• **TASK**
Your answer should be one number: the count of lines in the records that include the word "qdist".
+ + + + + + +
(* Let $I=\{T,L,R\}$ with the discrete metric and consider the initial chain $I\xrightarrow{!}FI\xrightarrow{F!}F^2I\xrightarrow{F^2!}\cdots$ of the functor $F$ on $\mathbf{Met_3}^{C}$, where $!\colon I\to FI$ is the unique morphism ($T\mapsto a\otimes T$, $L\mapsto b\otimes L$, $R\mapsto c\otimes R$). The colimit of this chain in $\mathbf{Met_3}^{C}$ is $G_\rho=(G,d_{disc})$, the colimit $G$ of the same chain in $\mathbf{Set_3}$ equipped with the discrete metric; moreover the colimit maps $F^nI\to G_\rho$ are the same as the colimit maps $F^nI\to G$ in $\mathbf{Set_3}$.
   Context: A tripointed set is a set with three distinct distinguished points $T,L,R$; $\mathbf{Set_3}$ is the category of tripointed sets with maps preserving $T,L,R$. A tripointed metric space is a tripointed set with a metric bounded by $1$ in which the three distinguished points have pairwise distance $1$. $\mathbf{Met_3}^{C}$ is the category of tripointed metric spaces with continuous maps preserving $T,L,R$. Let $M=\{a,b,c\}$. The functor $F=M\otimes-$: for a tripointed set $X$, $M\otimes X$ is the quotient of $M\times X$ (three copies of $X$) by the equivalence relation generated by $(b,T)\sim(a,L)$, $(a,R)\sim(c,T)$, $(c,L)\sim(b,R)$, elements written $m\otimes x$, distinguished points $a\otimes T$, $b\otimes L$, $c\otimes R$; on morphisms $(M\otimes f)(m\otimes x)=m\otimes f(x)$. In the metric setting $M\times X$ carries the metric $d((m,x),(n,y))=\tfrac12 d(x,y)$ if $m=n$ and $1$ otherwise, and $M\otimes X$ carries the quotient metric. The discrete metric is $d(x,y)=1$ for $x\neq y$. *)

theory Defs
  imports "HOL-Analysis.Analysis" "HOL-Library.FSet"
begin

datatype M = Ma | Mb | Mc
datatype I = IT | IL | IR

record 'x tmsp =
  car :: "'x set"
  dst :: "'x \<Rightarrow> 'x \<Rightarrow> real"
  pT :: 'x
  pL :: 'x
  pR :: 'x

definition tms3 :: "'x tmsp \<Rightarrow> bool" where
  "tms3 X \<longleftrightarrow> Metric_space (car X) (dst X)
     \<and> pT X \<in> car X \<and> pL X \<in> car X \<and> pR X \<in> car X
     \<and> (\<forall>x\<in>car X. \<forall>y\<in>car X. dst X x y \<le> 1)
     \<and> dst X (pT X) (pL X) = 1 \<and> dst X (pT X) (pR X) = 1 \<and> dst X (pL X) (pR X) = 1"

definition mtop :: "'x tmsp \<Rightarrow> 'x topology" where
  "mtop X = Metric_space.mtopology (car X) (dst X)"

definition mor3 :: "'x tmsp \<Rightarrow> 'y tmsp \<Rightarrow> ('x \<Rightarrow> 'y) \<Rightarrow> bool" where
  "mor3 X Y f \<longleftrightarrow> continuous_map (mtop X) (mtop Y) f
     \<and> f (pT X) = pT Y \<and> f (pL X) = pL Y \<and> f (pR X) = pR Y"

definition disc :: "'x \<Rightarrow> 'x \<Rightarrow> real" where
  "disc x y = (if x = y then 0 else 1)"

definition tbase :: "'x tmsp \<Rightarrow> ((M \<times> 'x) \<times> (M \<times> 'x)) set" where
  "tbase X = {((Mb, pT X), (Ma, pL X)), ((Ma, pR X), (Mc, pT X)), ((Mc, pL X), (Mb, pR X))}"

definition ten_eq :: "'x tmsp \<Rightarrow> ((M \<times> 'x) \<times> (M \<times> 'x)) set" where
  "ten_eq X = {(p, q). p \<in> UNIV \<times> car X \<and> q \<in> UNIV \<times> car X
                 \<and> (p, q) \<in> (tbase X \<union> (tbase X)\<inverse>)\<^sup>*}"

definition pmet :: "'x tmsp \<Rightarrow> M \<times> 'x \<Rightarrow> M \<times> 'x \<Rightarrow> real" where
  "pmet X p q = (if fst p = fst q then dst X (snd p) (snd q) / 2 else 1)"

definition qdist :: "'x tmsp \<Rightarrow> (M \<times> 'x) set \<Rightarrow> (M \<times> 'x) set \<Rightarrow> real" where
  "qdist X P Q =
     (if P \<in> (UNIV \<times> car X) // ten_eq X \<and> Q \<in> (UNIV \<times> car X) // ten_eq X then
        Inf {(\<Sum>i\<le>k. pmet X (p i) (q i)) | k p q.
               p 0 \<in> P \<and> q k \<in> Q
               \<and> (\<forall>i\<le>k. p i \<in> UNIV \<times> car X \<and> q i \<in> UNIV \<times> car X)
               \<and> (\<forall>i<k. (q i, p (Suc i)) \<in> ten_eq X)}
      else 0)"

definition Ften :: "'x tmsp \<Rightarrow> (M \<times> 'x) set tmsp" where
  "Ften X = \<lparr> car = (UNIV \<times> car X) // ten_eq X,
              dst = qdist X,
              pT = ten_eq X `` {(Ma, pT X)},
              pL = ten_eq X `` {(Mb, pL X)},
              pR = ten_eq X `` {(Mc, pR X)} \<rparr>"

definition Fmor :: "'y tmsp \<Rightarrow> ('x \<Rightarrow> 'y) \<Rightarrow> (M \<times> 'x) set \<Rightarrow> (M \<times> 'y) set" where
  "Fmor Y f C = ten_eq Y `` ((\<lambda>(m, x). (m, f x)) ` C)"

text \<open>A universe closed under the construction: every class of M \<otimes> X (a finite set) is
  re-encoded injectively as a node.\<close>
datatype V = Pt I | Cls "(M \<times> V) fset"

definition enc :: "(M \<times> V) set \<Rightarrow> V" where
  "enc C = Cls (Abs_fset C)"

fun dec :: "V \<Rightarrow> (M \<times> V) set" where
  "dec (Cls s) = fset s"
| "dec (Pt i) = {}"

text \<open>Isomorphic copy of M \<otimes> X inside V (enc is injective on finite classes).\<close>
definition encS :: "(M \<times> V) set tmsp \<Rightarrow> V tmsp" where
  "encS X = \<lparr> car = enc ` car X,
              dst = (\<lambda>u v. dst X (dec u) (dec v)),
              pT = enc (pT X), pL = enc (pL X), pR = enc (pR X) \<rparr>"

definition I0 :: "V tmsp" where
  "I0 = \<lparr> car = {Pt IT, Pt IL, Pt IR}, dst = disc, pT = Pt IT, pL = Pt IL, pR = Pt IR \<rparr>"

primrec chain_obj :: "nat \<Rightarrow> V tmsp" where
  "chain_obj 0 = I0"
| "chain_obj (Suc n) = encS (Ften (chain_obj n))"

definition bang :: "V \<Rightarrow> V" where
  "bang v = (if v = Pt IT then pT (chain_obj 1)
             else if v = Pt IL then pL (chain_obj 1) else pR (chain_obj 1))"

primrec chain_map :: "nat \<Rightarrow> V \<Rightarrow> V" where
  "chain_map 0 = bang"
| "chain_map (Suc n) = (\<lambda>v. enc (Fmor (chain_obj (Suc n)) (chain_map n) (dec v)))"

primrec citer :: "nat \<Rightarrow> nat \<Rightarrow> V \<Rightarrow> V" where
  "citer n 0 x = x"
| "citer n (Suc k) x = chain_map (n + k) (citer n k x)"

definition Sig :: "(nat \<times> V) set" where
  "Sig = {(n, x). x \<in> car (chain_obj n)}"

definition ceq :: "((nat \<times> V) \<times> (nat \<times> V)) set" where
  "ceq = {((n, x), (m, y)). (n, x) \<in> Sig \<and> (m, y) \<in> Sig
            \<and> (\<exists>k. n \<le> k \<and> m \<le> k \<and> citer n (k - n) x = citer m (k - m) y)}"

definition Gset :: "(nat \<times> V) set set" where
  "Gset = Sig // ceq"

definition gmap :: "nat \<Rightarrow> V \<Rightarrow> (nat \<times> V) set" where
  "gmap n x = ceq `` {(n, x)}"

definition G_rho :: "(nat \<times> V) set tmsp" where
  "G_rho = \<lparr> car = Gset, dst = disc,
             pT = gmap 0 (Pt IT), pL = gmap 0 (Pt IL), pR = gmap 0 (Pt IR) \<rparr>"

end

theory Submission
  imports Defs
begin

(* Each F^n I is finite, and distinct points of F^n I are at distance at least 2^-n: a chain
   through the three copies of F^(n-1) I joining two different classes must contain a step between
   distinct points, which costs at least half the previous bound inside a copy and 1 across copies.
   So every F^n I is a uniformly discrete metric space and carries the discrete topology, and so
   does (G, d_disc). Every map out of a discrete space is continuous, hence cocones over the chain
   in Met_3^C are exactly the cocones in Set_3 whose vertex is a tripointed metric space, and the
   set-theoretic colimit G with the discrete metric inherits the universal property. *)

section \<open>The tensor product on tripointed sets\<close>

definition set3 :: "'x tmsp \<Rightarrow> bool" where
  "set3 X \<longleftrightarrow> pT X \<in> car X \<and> pL X \<in> car X \<and> pR X \<in> car X
     \<and> pT X \<noteq> pL X \<and> pT X \<noteq> pR X \<and> pL X \<noteq> pR X"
+ + + + + + +
• **OUTPUT FOR THIS EXERCISE**
3